> _Data supplied_
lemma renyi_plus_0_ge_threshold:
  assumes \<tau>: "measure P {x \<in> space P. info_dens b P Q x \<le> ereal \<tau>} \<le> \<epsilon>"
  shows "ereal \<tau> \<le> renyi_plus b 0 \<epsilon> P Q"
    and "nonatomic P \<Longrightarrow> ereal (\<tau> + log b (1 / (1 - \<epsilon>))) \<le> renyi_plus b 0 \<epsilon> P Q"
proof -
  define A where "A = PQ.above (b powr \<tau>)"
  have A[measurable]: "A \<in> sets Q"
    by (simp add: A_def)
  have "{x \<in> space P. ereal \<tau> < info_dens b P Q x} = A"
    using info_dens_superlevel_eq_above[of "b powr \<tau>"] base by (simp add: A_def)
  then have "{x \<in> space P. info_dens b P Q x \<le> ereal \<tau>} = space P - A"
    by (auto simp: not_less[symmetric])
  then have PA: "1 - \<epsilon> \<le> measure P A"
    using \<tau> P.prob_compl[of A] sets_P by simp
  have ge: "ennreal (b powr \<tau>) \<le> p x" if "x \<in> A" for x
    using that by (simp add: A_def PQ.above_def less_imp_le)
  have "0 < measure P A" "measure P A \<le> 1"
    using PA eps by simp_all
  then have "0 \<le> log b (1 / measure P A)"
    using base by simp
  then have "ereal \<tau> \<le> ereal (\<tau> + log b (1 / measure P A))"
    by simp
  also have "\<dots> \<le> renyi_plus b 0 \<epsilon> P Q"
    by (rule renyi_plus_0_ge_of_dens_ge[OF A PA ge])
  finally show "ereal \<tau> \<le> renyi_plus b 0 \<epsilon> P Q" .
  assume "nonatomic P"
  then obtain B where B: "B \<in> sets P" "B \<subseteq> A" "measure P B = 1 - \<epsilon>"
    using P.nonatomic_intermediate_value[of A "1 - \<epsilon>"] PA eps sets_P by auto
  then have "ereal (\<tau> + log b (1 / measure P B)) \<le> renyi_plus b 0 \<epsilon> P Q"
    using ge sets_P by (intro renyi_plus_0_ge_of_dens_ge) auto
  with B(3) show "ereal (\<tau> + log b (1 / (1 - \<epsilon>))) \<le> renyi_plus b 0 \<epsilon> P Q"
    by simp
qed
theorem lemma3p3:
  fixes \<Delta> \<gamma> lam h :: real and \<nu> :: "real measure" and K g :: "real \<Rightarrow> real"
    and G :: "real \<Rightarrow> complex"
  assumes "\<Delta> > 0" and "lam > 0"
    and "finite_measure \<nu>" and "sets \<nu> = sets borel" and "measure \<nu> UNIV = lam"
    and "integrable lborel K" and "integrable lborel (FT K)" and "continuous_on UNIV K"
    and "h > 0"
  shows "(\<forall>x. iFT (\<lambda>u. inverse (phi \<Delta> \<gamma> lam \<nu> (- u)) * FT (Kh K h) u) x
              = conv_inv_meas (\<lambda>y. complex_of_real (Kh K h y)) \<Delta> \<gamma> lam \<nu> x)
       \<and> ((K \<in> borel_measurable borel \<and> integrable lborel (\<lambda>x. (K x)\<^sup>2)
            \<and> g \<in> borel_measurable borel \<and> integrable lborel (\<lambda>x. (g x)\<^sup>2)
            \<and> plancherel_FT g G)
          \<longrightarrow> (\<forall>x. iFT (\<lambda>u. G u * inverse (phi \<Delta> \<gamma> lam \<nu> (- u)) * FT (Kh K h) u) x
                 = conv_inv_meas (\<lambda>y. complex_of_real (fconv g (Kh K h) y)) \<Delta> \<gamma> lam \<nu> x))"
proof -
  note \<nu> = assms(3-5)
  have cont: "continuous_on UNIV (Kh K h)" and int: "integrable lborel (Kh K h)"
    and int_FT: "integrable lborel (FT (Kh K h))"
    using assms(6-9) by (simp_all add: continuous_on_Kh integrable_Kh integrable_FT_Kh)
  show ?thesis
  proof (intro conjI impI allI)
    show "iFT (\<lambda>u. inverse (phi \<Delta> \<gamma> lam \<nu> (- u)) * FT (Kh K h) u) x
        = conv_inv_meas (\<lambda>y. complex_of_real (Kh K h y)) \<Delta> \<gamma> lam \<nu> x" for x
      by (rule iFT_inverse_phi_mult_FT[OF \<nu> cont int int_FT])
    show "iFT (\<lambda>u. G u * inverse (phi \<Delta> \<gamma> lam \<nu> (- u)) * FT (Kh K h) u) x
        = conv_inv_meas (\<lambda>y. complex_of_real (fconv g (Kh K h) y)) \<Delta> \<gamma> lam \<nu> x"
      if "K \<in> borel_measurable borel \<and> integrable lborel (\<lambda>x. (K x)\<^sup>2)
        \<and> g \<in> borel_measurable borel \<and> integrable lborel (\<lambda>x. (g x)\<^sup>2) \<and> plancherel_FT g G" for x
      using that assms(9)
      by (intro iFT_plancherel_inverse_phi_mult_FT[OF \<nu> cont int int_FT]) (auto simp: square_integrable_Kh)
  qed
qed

> _What you need to do_
Could you find each line in the entries that contains the string "base" and copy it?

> _Expected output_
    using info_dens_superlevel_eq_above[of "b powr \<tau>"] base by (simp add: A_def)
    using base by simp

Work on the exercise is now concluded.